Loop in TokeniserWhitespace.tokenizeToArrayList
Brought to you by:
reverendsam
Never ending loop with specific inputs in uk.ac.shef.wit.simmetrics.tokenisers.TokeniserWhitespace.tokenizeToArrayList
sample program:
public static void main(String[] args) {
System.out.println("start");
InterfaceStringMetric l_metric = new MongeElkan();
String l_address_a = "POST OFFICE HOLD & PHONE";
String l_address_b = "2665 - C N HIGHLAND AVE";
float l_score = l_metric.getSimilarity(l_address_a, l_address_b);
System.out.println("end, score=" + l_score);
}
stack trace:
"main" prio=10 tid=0x00007ff70800d800 nid=0x5451 runnable [0x00007ff70ead2000]

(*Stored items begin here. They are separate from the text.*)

lemma shatters_set_restrict:
  assumes "shatters_set H S" and "x \<in> S"
  shows "shatters_set {h \<in> H. h x = (if b then P1 else P0)} (S - {x})"
  unfolding shatters_set_def
proof
  fix f :: "nat \<Rightarrow> bool"
  obtain h where "h \<in> H" "\<forall>y\<in>S. h y = (if (f(x := b)) y then P1 else P0)"
    using assms(1) unfolding shatters_set_def by blast
  then show "\<exists>h\<in>{h \<in> H. h x = (if b then P1 else P0)}. \<forall>y\<in>S - {x}. h y = (if f y then P1 else P0)"
    using assms(2) by (intro bexI[of _ h]) auto
qed

fun chain_tree :: "nat \<Rightarrow> nat \<Rightarrow> mtree" where
  "chain_tree 0 s = Leaf"
| "chain_tree (Suc k) s = Node (Suc s) (chain_tree k (Suc s)) (chain_tree k (Suc s))"

lemma complete_depth_chain_tree: "complete_depth (chain_tree k s) k"
  by (induction k arbitrary: s) auto

lemma shatters_tree_chain_tree:
  assumes "shatters_set H {Suc s..s + k}" and "{Suc s..s + k} \<subseteq> X"
  shows "shatters_tree X H (chain_tree k s)"
  using assms
proof (induction k arbitrary: H s)
  case 0
  then show ?case unfolding shatters_set_def by auto
next
  case (Suc k)
  have "{Suc s..s + Suc k} - {Suc s} = {Suc (Suc s)..Suc s + k}" by auto
  then have "shatters_set {h \<in> H. h (Suc s) = (if b then P1 else P0)} {Suc (Suc s)..Suc s + k}" for b
    using shatters_set_restrict[OF Suc.prems(1), of "Suc s" b] by simp
  then have "shatters_tree X {h \<in> H. h (Suc s) = (if b then P1 else P0)} (chain_tree k (Suc s))" for b
    using Suc.prems(2) by (intro Suc.IH) auto
  from this[of False] this[of True] show ?case using Suc.prems(2) by auto
qed

lemma card_le_VC:
  assumes "finite X" and "S \<subseteq> X" and "shatters_set H S"
  shows "card S \<le> VC X H"
proof -
  let ?P = "\<lambda>k. \<exists>S \<subseteq> X. card S = k \<and> shatters_set H S"
  have "?P (card S)" using assms(2,3) by blast
  moreover have "k \<le> card X" if "?P k" for k
    using that assms(1) card_mono by blast
  ultimately show ?thesis unfolding VC_def by (rule Greatest_le_nat)
qed

lemma exists_nat_with_bits: "\<exists>v::nat. v < 2 ^ m \<and> (\<forall>p<m. bit v p = f p)"
proof -
  define v :: nat where "v = horner_sum of_bool 2 (map f [0..<m])"
  have "v = take_bit m v" unfolding v_def by (simp add: take_bit_horner_sum_bit_eq)
  then have "v < 2 ^ m" by (metis take_bit_nat_less_exp)
  moreover have "\<forall>p<m. bit v p = f p" unfolding v_def by (simp add: bit_horner_sum_bit_iff)
  ultimately show ?thesis by blast
qed

lemma two_pow_le_choose: "2 ^ (d * r) \<le> (d * 2 ^ r) choose d"
proof (cases "d = 0")
  case False
  have "(real (d * 2 ^ r) / real d) ^ d \<le> real ((d * 2 ^ r) choose d)"
    by (rule binomial_ge_n_over_k_pow_k) simp
  then have "real (2 ^ (d * r)) \<le> real ((d * 2 ^ r) choose d)"
    using False by (simp add: power_mult[symmetric] mult.commute)
  then show ?thesis by linarith
qed simp

definition soa_choice :: "nat set \<Rightarrow> pconcept set \<Rightarrow> nat \<Rightarrow> pconcept \<Rightarrow> pval" where
  "soa_choice X H k h =
     (if LD X {g \<in> H. (\<forall>i \<in> {1..<k}. g i = h i) \<and> g k = P1}
         > LD X {g \<in> H. (\<forall>i \<in> {1..<k}. g i = h i) \<and> g k = P0}
      then P1 else P0)"

definition soa_update :: "nat set \<Rightarrow> pconcept set \<Rightarrow> nat \<Rightarrow> pconcept \<Rightarrow> pconcept" where
  "soa_update X H k h =
     (if h k = Star \<and> (\<forall>i \<in> {1..<k}. h i \<noteq> Star) then h(k := soa_choice X H k h) else h)"

lemma soa_step_eq_image: "soa_step X H k = soa_update X H k ` H"
  unfolding soa_step_def soa_update_def soa_choice_def ..

lemma soa_choice_eq_P1:
  assumes "{g \<in> H. (\<forall>i \<in> {1..<k}. g i = h i) \<and> g k = P1} \<noteq> {}"
    and "{g \<in> H. (\<forall>i \<in> {1..<k}. g i = h i) \<and> g k = P0} = {}"
  shows "soa_choice X H k h = P1"
  using assms by (simp add: soa_choice_def LD_def)

lemma soa_choice_eq_P0:
  assumes "{g \<in> H. (\<forall>i \<in> {1..<k}. g i = h i) \<and> g k = P1} = {}"
  shows "soa_choice X H k h = P0"
  using assms by (simp add: soa_choice_def LD_def)
(* For $\mathbf{x}=(x_1,\dots,x_N)^{\mathrm T}\in\mathbb{R}^N$ define $$\ell_{\mathrm{osb}}(\mathbf{x})=\Big(\sum_{n=1}^N x_n^2\Big)\Big(\sum_{n=1}^N x_n^4\Big)-\Big(\sum_{n=1}^N x_n^3\Big)^2.$$ Then $\ell_{\mathrm{osb}}(\mathbf{x})\ge0$ for all $\mathbf{x}$, and $\ell_{\mathrm{osb}}(\mathbf{x})=0$ if and only if $\mathbf{x}\in\{0,\alpha\}^N$ for some $\alpha\in\mathbb{R}$. Furthermore, $\ell_{\mathrm{osb}}$ has no spurious stationary points: $\nabla\ell_{\mathrm{osb}}(\mathbf{x})=\mathbf{0}$ holds only if $\mathbf{x}\in\{0,\alpha\}^N$ for some $\alpha\in\mathbb{R}$.
   Context: A spurious stationary point of a differentiable function $\ell$ whose zero set is $\mathcal{X}$ is a point $\mathbf{x}\notin\mathcal{X}$ with $\nabla\ell(\mathbf{x})=\mathbf{0}$. *)

theory Defs
  imports "HOL-Analysis.Analysis"
begin

text \<open>x in R^N is modelled as x :: real ^ 'n, with N = CARD('n).\<close>

definition l_osb :: "real ^ 'n \<Rightarrow> real" where
  "l_osb x = (\<Sum>n\<in>UNIV. (x $ n) ^ 2) * (\<Sum>n\<in>UNIV. (x $ n) ^ 4)
             - (\<Sum>n\<in>UNIV. (x $ n) ^ 3) ^ 2"

definition in_zero_alpha_set :: "real ^ 'n \<Rightarrow> bool" where
  "in_zero_alpha_set x \<longleftrightarrow> (\<exists>\<alpha>::real. \<forall>n. x $ n \<in> {0, \<alpha>})"

end

theory Submission
  imports Defs
begin

text \<open>
  With \<open>u\<^sub>n = x\<^sub>n\<close> and \<open>v\<^sub>n = x\<^sub>n\<^sup>2\<close>, \<open>l_osb\<close> is the Cauchy-Schwarz defect
  \<open>|u|\<^sup>2 |v|\<^sup>2 - (u \<bullet> v)\<^sup>2\<close>, which by Lagrange's identity is half the sum of the squares
  \<open>(x\<^sub>i x\<^sub>j (x\<^sub>j - x\<^sub>i))\<^sup>2\<close>. Hence it is nonnegative and vanishes exactly when any two
  nonzero entries agree. Being homogeneous of degree 6, it satisfies Euler's relation
  \<open>\<nabla>l_osb(x) \<bullet> x = 6 l_osb(x)\<close>, so every stationary point is a zero.
\<close>

lemma lagrange_identity:
  fixes u v :: "'a \<Rightarrow> 'b::comm_ring_1"
  shows "2 * ((\<Sum>i\<in>A. u i ^ 2) * (\<Sum>i\<in>A. v i ^ 2) - (\<Sum>i\<in>A. u i * v i) ^ 2)
       = (\<Sum>i\<in>A. \<Sum>j\<in>A. (u i * v j - u j * v i) ^ 2)"
proof -
  have "(\<Sum>i\<in>A. \<Sum>j\<in>A. (u i * v j - u j * v i) ^ 2)
      = (\<Sum>i\<in>A. \<Sum>j\<in>A. u i ^ 2 * v j ^ 2 + u j ^ 2 * v i ^ 2 - 2 * ((u i * v i) * (u j * v j)))"
    by (intro sum.cong refl) (simp add: power2_eq_square algebra_simps)
  also have "\<dots> = (\<Sum>i\<in>A. \<Sum>j\<in>A. u i ^ 2 * v j ^ 2) + (\<Sum>i\<in>A. \<Sum>j\<in>A. u j ^ 2 * v i ^ 2)
      - 2 * (\<Sum>i\<in>A. \<Sum>j\<in>A. (u i * v i) * (u j * v j))"
    by (simp add: sum.distrib sum_subtractf sum_distrib_left)
  also have "\<dots> = 2 * ((\<Sum>i\<in>A. u i ^ 2) * (\<Sum>i\<in>A. v i ^ 2) - (\<Sum>i\<in>A. u i * v i) ^ 2)"
    unfolding sum_product[symmetric] sum.swap[of "\<lambda>i j. u j ^ 2 * v i ^ 2"]
    by (simp add: power2_eq_square algebra_simps)
  finally show ?thesis by simp
qed

lemma l_osb_lagrange:
  "2 * l_osb x = (\<Sum>i\<in>UNIV. \<Sum>j\<in>UNIV. (x$i * x$j * (x$j - x$i)) ^ 2)"
proof -
  have "2 * l_osb x = (\<Sum>i\<in>UNIV. \<Sum>j\<in>UNIV. (x$i * (x$j)\<^sup>2 - x$j * (x$i)\<^sup>2) ^ 2)"
    using lagrange_identity[where u = "\<lambda>n. x$n" and v = "\<lambda>n. (x$n)\<^sup>2" and A = UNIV]
    by (simp add: l_osb_def power2_eq_square power3_eq_cube power4_eq_xxxx mult.assoc)
  also have "\<dots> = (\<Sum>i\<in>UNIV. \<Sum>j\<in>UNIV. (x$i * x$j * (x$j - x$i)) ^ 2)"
    by (intro sum.cong refl) (simp add: power2_eq_square algebra_simps)
  finally show ?thesis .
qed

lemma l_osb_nonneg: "l_osb x \<ge> 0"
proof -
  have "0 \<le> (\<Sum>i\<in>UNIV. \<Sum>j\<in>UNIV. (x$i * x$j * (x$j - x$i)) ^ 2)"
    by (intro sum_nonneg) simp
  then show ?thesis
    using l_osb_lagrange[of x] by linarith
qed

lemma in_zero_alpha_set_iff:
  "in_zero_alpha_set x \<longleftrightarrow> (\<forall>i j. x$i = 0 \<or> x$j = 0 \<or> x$i = x$j)"
proof
  assume "in_zero_alpha_set x"
  then obtain \<alpha> where "\<forall>n. x$n \<in> {0, \<alpha>}"
    unfolding in_zero_alpha_set_def by blast
  then show "\<forall>i j. x$i = 0 \<or> x$j = 0 \<or> x$i = x$j"
    by auto
next
  assume pairwise: "\<forall>i j. x$i = 0 \<or> x$j = 0 \<or> x$i = x$j"
  show "in_zero_alpha_set x"
  proof (cases "\<exists>k. x$k \<noteq> 0")
    case True
    then obtain k where "x$k \<noteq> 0" by blast
    then have "\<forall>n. x$n \<in> {0, x$k}"
      using pairwise by blast
    then show ?thesis
      unfolding in_zero_alpha_set_def by blast
  next
    case False
    then show ?thesis
      unfolding in_zero_alpha_set_def by auto
  qed
qed

lemma l_osb_eq_0_iff: "l_osb x = 0 \<longleftrightarrow> in_zero_alpha_set x"
proof -
  have "l_osb x = 0 \<longleftrightarrow> (\<Sum>i\<in>UNIV. \<Sum>j\<in>UNIV. (x$i * x$j * (x$j - x$i)) ^ 2) = 0"
    using l_osb_lagrange[of x] by linarith
  also have "\<dots> \<longleftrightarrow> (\<forall>i j. x$i * x$j * (x$j - x$i) = 0)"
    by (simp add: sum_nonneg_eq_0_iff sum_nonneg)
  also have "\<dots> \<longleftrightarrow> in_zero_alpha_set x"
    unfolding in_zero_alpha_set_iff by auto
  finally show ?thesis .
qed

lemma l_osb_scaleR: "l_osb (t *\<^sub>R x) = t ^ 6 * l_osb x"
proof -
  have "(\<Sum>n\<in>UNIV. ((t *\<^sub>R x) $ n) ^ k) = t ^ k * (\<Sum>n\<in>UNIV. (x $ n) ^ k)" for k
    by (simp add: power_mult_distrib sum_distrib_left)
  then show ?thesis
    unfolding l_osb_def by (simp add: algebra_simps power_mult_distrib)
qed

lemma homogeneous_critical_point_eq_0:
  fixes f :: "'a::real_normed_vector \<Rightarrow> real"
  assumes homogeneous: "\<And>t. f (t *\<^sub>R x) = t ^ k * f x"
    and "k > 0"
    and critical: "(f has_derivative (\<lambda>h. 0)) (at x)"
  shows "f x = 0"
proof -
  have ray: "((\<lambda>t::real. t *\<^sub>R x) has_derivative (\<lambda>h. h *\<^sub>R x)) (at 1)"
    by (auto intro!: derivative_eq_intros)
  have "((\<lambda>t. f (t *\<^sub>R x)) has_derivative (\<lambda>h. 0)) (at 1)"
    using has_derivative_compose[OF ray, of f "\<lambda>h. 0"] critical by simp
  moreover have "((\<lambda>t. f (t *\<^sub>R x)) has_derivative (\<lambda>h. h * (real k * f x))) (at 1)"
    unfolding homogeneous by (auto intro!: derivative_eq_intros)
  ultimately have "(\<lambda>h::real. 0) = (\<lambda>h. h * (real k * f x))"
    by (rule has_derivative_unique)
  then have "real k * f x = 0"
    by (metis mult_1)
  then show ?thesis
    using \<open>k > 0\<close> by simp
qed

theorem mainTheorem4:
  shows "(\<forall>x::real ^ 'n. l_osb x \<ge> 0)
       \<and> (\<forall>x::real ^ 'n. l_osb x = 0 \<longleftrightarrow> in_zero_alpha_set x)
       \<and> (\<forall>x::real ^ 'n. (l_osb has_derivative (\<lambda>h. 0)) (at x) \<longrightarrow> in_zero_alpha_set x)"
  using l_osb_nonneg l_osb_eq_0_iff
    homogeneous_critical_point_eq_0[of l_osb _ 6, OF l_osb_scaleR]
  by auto

end
(* Let $S$ be a right LCM monoid with property (AR) such that $S=S_{ci}^1S_c$, i.e. every $s\in S$ can be written as $s=tr$ with $t\in S_{ci}\cup\{1\}$ and $r\in S_c$. Let $\pi_p\colon C^*(S)\to\mathcal{Q}_p(S)$ and $\pi_c\colon C^*(S)\to\mathcal{Q}_c(S)$ be the quotient maps. Then $\mathcal{Q}(S)$ is (canonically isomorphic to) the quotient of $\mathcal{Q}_p(S)$ by the relations $\pi_p(v_sv_s^* )=1$ for all $s\in S_c$. Equivalently, $\mathcal{Q}(S)$ is the quotient of $\mathcal{Q}_c(S)$ by the relations $\sum_{f\in F}\pi_c(e_{fS})=1$ for all accurate proper foundation sets $F$ for $S$. In particular, these conclusions hold if the relation $\to$ on $S$ defined by $s\to t :\Leftrightarrow s\in t(S_c\setminus S^* )$ is terminating, i.e. there is no infinite sequence $(s_n)_{n\geq1}$ in $S$ with $s_n\to s_{n+1}$ and $s_n\neq s_{n+1}$ for all $n$.
   Context: A right LCM monoid is a countable discrete monoid $S$ that is left cancellative and such that for all $s,t\in S$ the intersection $sS\cap tS$ is either empty or equal to $rS$ for some $r\in S$; $S^*$ denotes its group of units. A finite subset $F\subset S$ is a foundation set if for every $t\in S$ there is $s\in F$ with $sS\cap tS\neq\emptyset$; it is accurate if $fS\cap f'S=\emptyset$ for distinct $f,f'\in F$. $S$ has property (AR) if every foundation set $F$ admits an accurate foundation set $F'$ refining it (for each $f'\in F'$ there is $f\in F$ with $f'\in fS$). The core subsemigroup is $S_c=\{s\in S\mid sS\cap tS\neq\emptyset\text{ for all }t\in S\}$. An element $s\in S\setminus S_c$ is core irreducible if whenever $s=tr$ with $t\in S$, $r\in S_c$, then $r\in S^*$; $S_{ci}$ is the set of core irreducible elements and $S_{ci}^1=S_{ci}\cup\{1\}$. A foundation set is proper if it is contained in $S_{ci}$. The full semigroup $C^*$-algebra $C^*(S)$ (Li) is the universal $C^*$-algebra generated by isometries $\{v_s: s\in S\}$ and projections $\{e_X : X\in\mathcal{J}(S)\}$, $\mathcal{J}(S)=\{\emptyset\}\cup\{sS: s\in S\}$, subject to $v_{st}=v_sv_t$, $v_se_Xv_s^*=e_{sX}$, $e_S=1$, $e_\emptyset=0$, $e_Xe_Y=e_{X\cap Y}$; so $e_{sS}=v_sv_s^*$. The boundary quotient $\mathcal{Q}(S)$ is the quotient of $C^*(S)$ by $\prod_{f\in F}(1-e_{fS})=0$ for all foundation sets $F$ (under (AR) equivalently by $\sum_{f\in F}e_{fS}=1$ for all accurate foundation sets $F$). The core boundary quotient $\mathcal{Q}_c(S)$ is the quotient of $C^*(S)$ by $v_sv_s^*=1$ for all $s\in S_c$. The proper boundary quotient $\mathcal{Q}_p(S)$ is the quotient of $C^*(S)$ by $\sum_{f\in F}e_{fS}=1$ for all accurate proper foundation sets $F$. *)

theory Defs
  imports Complex_Main "HOL-Library.Countable"
begin
text \<open>The universal property, proved by extending a bijection between products of bases.\<close>

lemma tensor_lift_exists:
  assumes l1: "\<And>b. Vector_Spaces.linear sA sC (\<lambda>a. \<phi> a b)"
    and l2: "\<And>a. Vector_Spaces.linear sB sC (\<phi> a)"
  shows "\<exists>F. Vector_Spaces.linear sT sC F \<and> (\<forall>a b. F (tens a b) = \<phi> a b)"
proof -
  have vsC: "vector_space sC" using l1 by (rule lin_codomain)
  interpret TC: vector_space_pair sT sC using vsC by (simp add: vector_space_pair_def T.vector_space_axioms)
  interpret AC: vector_space_pair sA sC using vsC by (simp add: vector_space_pair_def A.vector_space_axioms)
  interpret BC: vector_space_pair sB sC using vsC by (simp add: vector_space_pair_def B.vector_space_axioms)
  obtain BA where BA: "\<not> A.dependent BA" "UNIV \<subseteq> A.span BA"
    using A.maximal_independent_subset[of UNIV] by blast
  obtain BB where BB: "\<not> B.dependent BB" "UNIV \<subseteq> B.span BB"
    using B.maximal_independent_subset[of UNIV] by blast
  let ?p = "\<lambda>(a, b). tens a b"
  have inj: "inj_on ?p (BA \<times> BB)"
    using tens_basis_inj[OF BA(1) BB(1)] by (auto simp: inj_on_def)
  define F where "F = TC.construct (?p ` (BA \<times> BB)) (\<lambda>t. case_prod \<phi> (inv_into (BA \<times> BB) ?p t))"
  have linF: "Vector_Spaces.linear sT sC F"
    unfolding F_def by (rule TC.linear_construct[OF tens_basis_independent[OF BA(1) BB(1)]])
  have on_basis: "F (tens a b) = \<phi> a b" if "a \<in> BA" "b \<in> BB" for a b
    unfolding F_def using that inv_into_f_f[OF inj, of "(a, b)"]
    by (subst TC.construct_basis[OF tens_basis_independent[OF BA(1) BB(1)]]) auto
  have on_BB: "F (tens a b) = \<phi> a b" if "b \<in> BB" for a b
    by (rule AC.linear_eq_on[OF linear_comp[OF tens_linear_left linF] l1, where B=BA])
       (use BA on_basis that in auto)
  have "F (tens a b) = \<phi> a b" for a b
    by (rule BC.linear_eq_on[OF linear_comp[OF tens_linear_right linF] l2, where B=BB])
       (use BB on_BB in auto)
  with linF show ?thesis by blast
qed

definition tensor_lift :: "('k \<Rightarrow> 'c::ab_group_add \<Rightarrow> 'c) \<Rightarrow> ('a \<Rightarrow> 'b \<Rightarrow> 'c) \<Rightarrow> 't \<Rightarrow> 'c" where
  "tensor_lift sC \<phi> = (SOME F. Vector_Spaces.linear sT sC F \<and> (\<forall>a b. F (tens a b) = \<phi> a b))"

lemma
  assumes "\<And>b. Vector_Spaces.linear sA sC (\<lambda>a. \<phi> a b)" "\<And>a. Vector_Spaces.linear sB sC (\<phi> a)"
  shows tensor_lift_linear: "Vector_Spaces.linear sT sC (tensor_lift sC \<phi>)"
    and tensor_lift_tens: "tensor_lift sC \<phi> (tens a b) = \<phi> a b"
  using someI_ex[OF tensor_lift_exists[OF assms]] unfolding tensor_lift_def by blast+

lemma tensor_lift_linear_param:
  assumes \<phi>1: "\<And>x b. Vector_Spaces.linear sA sC (\<lambda>a. \<phi> x a b)"
    and \<phi>2: "\<And>x a. Vector_Spaces.linear sB sC (\<phi> x a)"
    and \<phi>0: "\<And>a b. Vector_Spaces.linear s0 sC (\<lambda>x. \<phi> x a b)"
  shows "Vector_Spaces.linear s0 sC (\<lambda>x. tensor_lift sC (\<phi> x) t)"
proof (rule linear_intro[OF lin_domain[OF \<phi>0] lin_codomain[OF \<phi>0]])
  note F = tensor_lift_linear[OF \<phi>1 \<phi>2] and F_tens = tensor_lift_tens[OF \<phi>1 \<phi>2]
  show "tensor_lift sC (\<phi> (x + y)) t = tensor_lift sC (\<phi> x) t + tensor_lift sC (\<phi> y) t" for x y
    by (rule tensor_linear_ext[OF F linear_add_fun[OF F F]]) (simp add: F_tens lin_add[OF \<phi>0])
  show "tensor_lift sC (\<phi> (s0 c x)) t = sC c (tensor_lift sC (\<phi> x) t)" for c x
    by (rule tensor_linear_ext[OF F linear_comp[OF F linear_scale_self[OF lin_codomain[OF \<phi>0]]]])
       (simp add: F_tens lin_scale[OF \<phi>0])
qed

definition tensor_lift2 ::
  "('k \<Rightarrow> 'c::ab_group_add \<Rightarrow> 'c) \<Rightarrow> ('a \<Rightarrow> 'b \<Rightarrow> 'a \<Rightarrow> 'b \<Rightarrow> 'c) \<Rightarrow> 't \<Rightarrow> 't \<Rightarrow> 'c" where
  "tensor_lift2 sC \<psi> u = tensor_lift sC (\<lambda>a' b'. tensor_lift sC (\<lambda>a b. \<psi> a b a' b') u)"

context
  fixes sC :: "'k \<Rightarrow> 'c::ab_group_add \<Rightarrow> 'c" and \<psi> :: "'a \<Rightarrow> 'b \<Rightarrow> 'a \<Rightarrow> 'b \<Rightarrow> 'c"
  assumes \<psi>1: "\<And>b a' b'. Vector_Spaces.linear sA sC (\<lambda>a. \<psi> a b a' b')"
    and \<psi>2: "\<And>a a' b'. Vector_Spaces.linear sB sC (\<lambda>b. \<psi> a b a' b')"
    and \<psi>3: "\<And>a b b'. Vector_Spaces.linear sA sC (\<lambda>a'. \<psi> a b a' b')"
    and \<psi>4: "\<And>a b a'. Vector_Spaces.linear sB sC (\<lambda>b'. \<psi> a b a' b')"
begin

private lemma inner_linear:
  "Vector_Spaces.linear sA sC (\<lambda>a'. tensor_lift sC (\<lambda>a b. \<psi> a b a' b') u)"
  "Vector_Spaces.linear sB sC (\<lambda>b'. tensor_lift sC (\<lambda>a b. \<psi> a b a' b') u)"
  "Vector_Spaces.linear sT sC (tensor_lift sC (\<lambda>a b. \<psi> a b a' b'))"
  by (rule tensor_lift_linear_param tensor_lift_linear; fact \<psi>1 \<psi>2 \<psi>3 \<psi>4)+

lemma tensor_lift2_linear_right: "Vector_Spaces.linear sT sC (tensor_lift2 sC \<psi> u)"
  unfolding tensor_lift2_def by (rule tensor_lift_linear; fact inner_linear)

lemma tensor_lift2_linear_left: "Vector_Spaces.linear sT sC (\<lambda>u. tensor_lift2 sC \<psi> u v)"
  unfolding tensor_lift2_def by (rule tensor_lift_linear_param; fact inner_linear)

lemma tensor_lift2_tens: "tensor_lift2 sC \<psi> (tens a b) (tens a' b') = \<psi> a b a' b'"
proof -
  have "tensor_lift2 sC \<psi> (tens a b) (tens a' b') = tensor_lift sC (\<lambda>a b. \<psi> a b a' b') (tens a b)"
    unfolding tensor_lift2_def by (rule tensor_lift_tens[OF inner_linear(1,2)])
  also have "\<dots> = \<psi> a b a' b'" by (rule tensor_lift_tens[OF \<psi>1 \<psi>2])
  finally show ?thesis .
qed

end

end


section \<open>Formal power series over a commutative algebra\<close>

locale series_product =
  fixes sM :: "'k::field_char_0 \<Rightarrow> 'm::ab_group_add \<Rightarrow> 'm"
    and mu :: "'m \<Rightarrow> 'm \<Rightarrow> 'm"
  assumes mu_linear_left: "Vector_Spaces.linear sM sM (\<lambda>m. mu m n)"
    and mu_linear_right: "Vector_Spaces.linear sM sM (mu m)"
    and mu_commute: "mu m n = mu n m"
    and mu_assoc: "mu (mu m n) p = mu m (mu n p)"
begin

sublocale M: vector_space sM by (rule lin_domain[OF mu_linear_left])

sublocale S: vector_space "ser_scale sM"
  by unfold_locales
     (simp_all add: ser_scale_def fun_eq_iff M.scale_right_distrib M.scale_left_distrib)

java.lang.Thread.State: RUNNABLE
at uk.ac.shef.wit.simmetrics.tokenisers.TokeniserWhitespace.tokenizeToArrayList(TokeniserWhitespace.java:121)
at uk.ac.shef.wit.simmetrics.similaritymetrics.MongeElkan.getSimilarity(MongeElkan.java:170)
at com.mm.server.inventory.app.MergeWorklistFunctions.main(MergeWorklistFunctions.java:213)
I have a fixed version here:
https://github.com/mpkorstanje/simmetrics/blob/master/src/main/java/uk/ac/shef/wit/simmetrics/tokenisers/TokeniserCSVBasic.java
But you'll have to build from source. I'm doing an overhaul of the whole thing.